John and his wife Liane have fostered over 1,200 children in the last 13 years and have been the primary emergency home for “crack” and heroin addicted babies and abandoned and abused infants and toddlers. John holds a doctorate in psychology and together with his wife has been awarded the Humanitarian Community Service Award and the Governor of Canada meritorious service award. As a past president of the Empire club in Toronto he has had personal audiences with numerous heads of state. He serves as a pastor, a padre to the Queen’s Own Rifles in Toronto and statesman with a message of hope for all.

Cpl Chris Dupee
Founder

A Queens Diamond Jubilee Medal recipient, Chris joined the Canadian Forces in 2005 as an infantryman and assumed his post at 3 Royal Canadian Regiment (RCR) in Petawawa Ontario where he earned his Airborne Wings in 2006 and continued his career in Mike (jump) Company. He was a LAV gunner in Afghanistan on TF 3-08 where he also assumed duties with Command Call Sign Niner tac. Upon return to Canada he was posted to the Queens Own Rifles in Toronto and since 2009 has been posted with the Joint Personnel Support Unit (JPSU). Chris founded Military Minds in November 2011 and has been its life and guiding force since.

MCpl Jesse Obee
Board Member

Jesse joined the Canadian Forces in 2005 as an infantryman and assumed his post at 3rd Battalion Royal Canadian Regiment (3RCR) located in Petawawa, Ontario. Jesse spent 6 years serving in November Company and during his time within the company, Jesse deployed to Afghanistan on TF 3-08 where he took part in combat operations in the Zhari/Panjwai districts. Throughout his tour, Jesse gained invaluable experience in the reality of life, combat, and death. Jesse is a firm believer in the loyalty, bravery, and selfless dedication that he not only experienced during his tour but witnessed by many of his fellow soldiers. He can truly attest to the undeniable bond of camaraderie that is formed when soldiers share risks and hardships during combat. These experiences are what have allowed Jesse to relate to the members of military minds and all veterans abroad. Jesse continues to serve actively as a member of CANSOFCOM.

Samantha Roman, MBA
Co-Chairman & National Affairs

Samantha Roman is Director of Sales and Strategic Initiatives for RBC Wealth Management’s North American international business development team. She has served 22 years in the Canadian Army Reserves in various roles which has included a deployment to Bosnia and leading the development of the inaugural Civil-Military Cooperation training course for the Canadian Forces. A qualified nurse Samantha has a graduate degree from the Richard Ivey School of Business, is an executive of Treble Victor Group and a board member of St. John Ambulance Ontario Chapter.

Michael Dupee
Board Member

Michael Dupee is an entrepreneur who owns a financial Institution and is currently expanding with the purchasing of homes and anticipating the employment of some of our young veterans as his company grows. He has had an extensive career in sales, marketing and public relations. From owning car dealerships to finance companies, Michael brings to the table a wealth of experience and knowledge.

Andrea Ernesaks
Administrative Director

Having completed her MA in political Science at Western University, she is currently an Ontario Legislative Intern at the Ontario Legislature, Queen’s Park, Toronto.


----------



## Lightguns (22 Feb 2014)

Except for one or two, they all look like civilians to me.  What were they trying to do?  Nothing about MM has made sense they backed that walking woman who pretty much burnt her military bridges.


----------



## Tibbson (22 Feb 2014)

Lightguns said:
			
		

> Except for one or two, they all look like civilians to me.  What were they trying to do?  Nothing about MM has made sense they backed that walking woman who pretty much burnt her military bridges.

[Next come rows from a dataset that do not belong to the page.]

locale smoothed_fermat =
  fixes n :: nat and w :: "nat \<Rightarrow> real" and a :: "nat \<Rightarrow> 'a::euclidean_space" and eps p :: real
  assumes n_pos: "0 < n" and w_pos: "\<And>j. j < n \<Longrightarrow> 0 < w j" and eps_pos: "0 < eps"
begin

abbreviation \<Phi> :: "'a \<Rightarrow> real" where "\<Phi> \<equiv> Phi n w a eps p"
abbreviation \<mu> :: "'a \<Rightarrow> nat \<Rightarrow> real" where "\<mu> \<equiv> irls_mu w a eps p"

definition irls_mass :: "'a \<Rightarrow> real" where
  "irls_mass x = (\<Sum>j<n. \<mu> x j)"

definition irls_step :: "'a \<Rightarrow> 'a" where
  "irls_step x = (\<Sum>j<n. \<mu> x j *\<^sub>R a j) /\<^sub>R irls_mass x"

lemma dist_sq_eps_pos: "0 < norm (x - a j) ^ 2 + eps"
  using eps_pos by (simp add: add_nonneg_pos)

lemma irls_mu_pos: "j < n \<Longrightarrow> 0 < \<mu> x j"
  unfolding irls_mu_def using w_pos dist_sq_eps_pos[of x j] by (intro mult_pos_pos) auto

lemma irls_mass_pos: "0 < irls_mass x"
  unfolding irls_mass_def using n_pos irls_mu_pos by (intro sum_pos) auto

lemma irls_mass_le:
  assumes "p \<le> 2"
  shows "irls_mass x \<le> (\<Sum>j<n. w j) * eps powr (p/2 - 1)"
proof -
  have "\<mu> x j \<le> w j * eps powr (p/2 - 1)" if "j < n" for j
    unfolding irls_mu_def using assms eps_pos w_pos[OF that]
    by (intro mult_left_mono powr_mono2') auto
  then show ?thesis
    unfolding irls_mass_def sum_distrib_right by (intro sum_mono) auto
qed

lemma sum_irls_mu_inner: "(\<Sum>j<n. \<mu> x j * inner (x - a j) h) = irls_mass x * inner (x - irls_step x) h"
  unfolding irls_mass_def irls_step_def
  using irls_mass_pos[of x] by (intro sum_inner_weighted_mean) (simp add: irls_mass_def)

lemma Phi_irls_step_le:
  assumes "0 \<le> p" "p \<le> 2"
  shows "\<Phi> (irls_step x) \<le> \<Phi> x - p/2 * irls_mass x * norm (x - irls_step x) ^ 2"
proof -
  define v where "v = irls_step x"
  have term_le: "w j * (norm (v - a j) ^ 2 + eps) powr (p/2)
      \<le> w j * (norm (x - a j) ^ 2 + eps) powr (p/2)
         + p/2 * (2 * (\<mu> x j * inner (x - a j) (v - x)) + \<mu> x j * norm (v - x) ^ 2)" if "j < n" for j
  proof -
    define A where "A = norm (x - a j) ^ 2 + eps"
    define B where "B = norm (v - a j) ^ 2 + eps"
    have "B - A = 2 * inner (x - a j) (v - x) + norm (v - x) ^ 2"
      using dot_norm[of "x - a j" "v - x"] by (simp add: A_def B_def)
    have "w j * B powr (p/2) \<le> w j * (A powr (p/2) + p/2 * A powr (p/2 - 1) * (B - A))"
      unfolding A_def B_def
      using assms w_pos[OF that] by (intro mult_left_mono powr_le_tangent dist_sq_eps_pos) auto
    also have "\<dots> = w j * A powr (p/2) + p/2 * (\<mu> x j * (B - A))"
      by (simp add: A_def irls_mu_def distrib_left mult_ac)
    finally show ?thesis
      unfolding \<open>B - A = _\<close> by (simp add: A_def B_def algebra_simps)
  qed
  have "\<Phi> v \<le> (\<Sum>j<n. w j * (norm (x - a j) ^ 2 + eps) powr (p/2)
         + p/2 * (2 * (\<mu> x j * inner (x - a j) (v - x)) + \<mu> x j * norm (v - x) ^ 2))"
    unfolding Phi_def using term_le by (intro sum_mono) auto
  also have "\<dots> = \<Phi> x + p/2 * (2 * irls_mass x * inner (x - v) (v - x) + irls_mass x * norm (v - x) ^ 2)"
    using sum_irls_mu_inner[of x "v - x"]
    unfolding Phi_def irls_mass_def sum.distrib sum_distrib_left[symmetric] sum_distrib_right[symmetric]
    by (simp add: v_def)
  also have "\<dots> = \<Phi> x - p/2 * irls_mass x * norm (x - v) ^ 2"
    by (simp add: power2_norm_eq_inner inner_diff_left inner_diff_right inner_commute algebra_simps)
  finally show ?thesis by (simp add: v_def)
qed

text \<open>Strong convexity on a sublevel set: \<open>p * irls_mass x *\<^sub>R (x - irls_step x)\<close> is the gradient of \<open>\<Phi>\<close> at \<open>x\<close>.\<close>

lemma Phi_lower_bound:
  assumes p: "1 \<le> p" "p \<le> 2"
    and Q: "\<And>j. j < n \<Longrightarrow> norm (x - a j) ^ 2 + eps \<le> Q" "\<And>j. j < n \<Longrightarrow> norm (y - a j) ^ 2 + eps \<le> Q"
  shows "\<Phi> x + p * irls_mass x * inner (x - irls_step x) (y - x)
           + p/2 * eps * Q powr (p/2 - 2) * (\<Sum>j<n. w j) * norm (y - x) ^ 2 \<le> \<Phi> y"
proof -
  define k where "k = p/2 * eps * Q powr (p/2 - 2)"
  have term_le: "w j * (norm (x - a j) ^ 2 + eps) powr (p/2) + p * (\<mu> x j * inner (x - a j) (y - x))
      + k * w j * norm (y - x) ^ 2 \<le> w j * (norm (y - a j) ^ 2 + eps) powr (p/2)" if "j < n" for j
  proof -
    have "(norm (x - a j) ^ 2 + eps) powr (p/2)
          + 2 * (p/2) * (norm (x - a j) ^ 2 + eps) powr (p/2 - 1) * inner (x - a j) (y - x)
          + k * norm (y - x) ^ 2 \<le> (norm (y - a j) ^ 2 + eps) powr (p/2)"
      using powr_norm_sq_lower_bound[OF eps_pos, of "p/2" "x - a j" Q "y - x"] p Q[OF that]
      by (simp add: k_def)
    from mult_left_mono[OF this less_imp_le[OF w_pos[OF that]]] show ?thesis
      by (simp add: irls_mu_def distrib_left mult_ac)
  qed
  have "(\<Sum>j<n. w j * (norm (x - a j) ^ 2 + eps) powr (p/2) + p * (\<mu> x j * inner (x - a j) (y - x))
      + k * w j * norm (y - x) ^ 2) \<le> \<Phi> y"
    unfolding Phi_def using term_le by (intro sum_mono) auto
  moreover have "(\<Sum>j<n. w j * (norm (x - a j) ^ 2 + eps) powr (p/2) + p * (\<mu> x j * inner (x - a j) (y - x))
      + k * w j * norm (y - x) ^ 2) = \<Phi> x + p * (\<Sum>j<n. \<mu> x j * inner (x - a j) (y - x))
      + k * (\<Sum>j<n. w j) * norm (y - x) ^ 2"
    unfolding Phi_def sum.distrib sum_distrib_left[symmetric] sum_distrib_right[symmetric] by (simp add: mult.assoc)
  ultimately show ?thesis
    using sum_irls_mu_inner[of x "y - x"] by (simp add: k_def mult.assoc)
qed

lemma dist_sq_le_of_Phi_le:
  assumes "0 < p" "\<Phi> y \<le> P" "j < n"
  shows "norm (y - a j) ^ 2 + eps \<le> (\<Sum>i<n. (P / w i) powr (2/p))"
proof -
  define u where "u = norm (y - a j) ^ 2 + eps"
  have "w j * u powr (p/2) \<le> \<Phi> y"
    unfolding Phi_def u_def using assms(3) w_pos
    by (intro member_le_sum[where f = "\<lambda>i. w i * (norm (y - a i)^2 + eps) powr (p/2)"])
       (auto intro!: mult_nonneg_nonneg less_imp_le[OF w_pos])
  then have "u powr (p/2) \<le> P / w j"
    using assms(2) w_pos[OF assms(3)] by (simp add: pos_le_divide_eq mult.commute)
  then have "u \<le> (P / w j) powr (2/p)"
    using powr_mono2[of "2/p" "u powr (p/2)" "P / w j"] assms(1) dist_sq_eps_pos
    by (simp add: u_def powr_powr)
  also have "\<dots> \<le> (\<Sum>i<n. (P / w i) powr (2/p))"
    using assms(3) by (intro member_le_sum) auto
  finally show ?thesis by (simp add: u_def)
qed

I hear they got burned twice by her but I've not seen anything on the news about it.


----------



## PuckChaser (22 Feb 2014)

Schindler's lift said:
			
		

> I hear they got burned twice by her but I've not seen anything on the news about it.



Military Minds did?

I'm interested to hear the other side of this story that there was a "hostile takeover". No details are out there only what the CF MM members are saying.


----------



## Teager (25 Feb 2014)

Seems like the site is partially back up. If you try to click on board members it still gives an error message so they must be working things out.


----------



## bossi (17 Mar 2014)

ObedientiaZelum said:
			
		

> Having 89'000 followers probably filled their eyes with dollar signs.



Nope.


----------



## PanaEng (25 Mar 2014)

bossi said:
			
		

> Nope.


Can you elaborate?  seems like you know some.


----------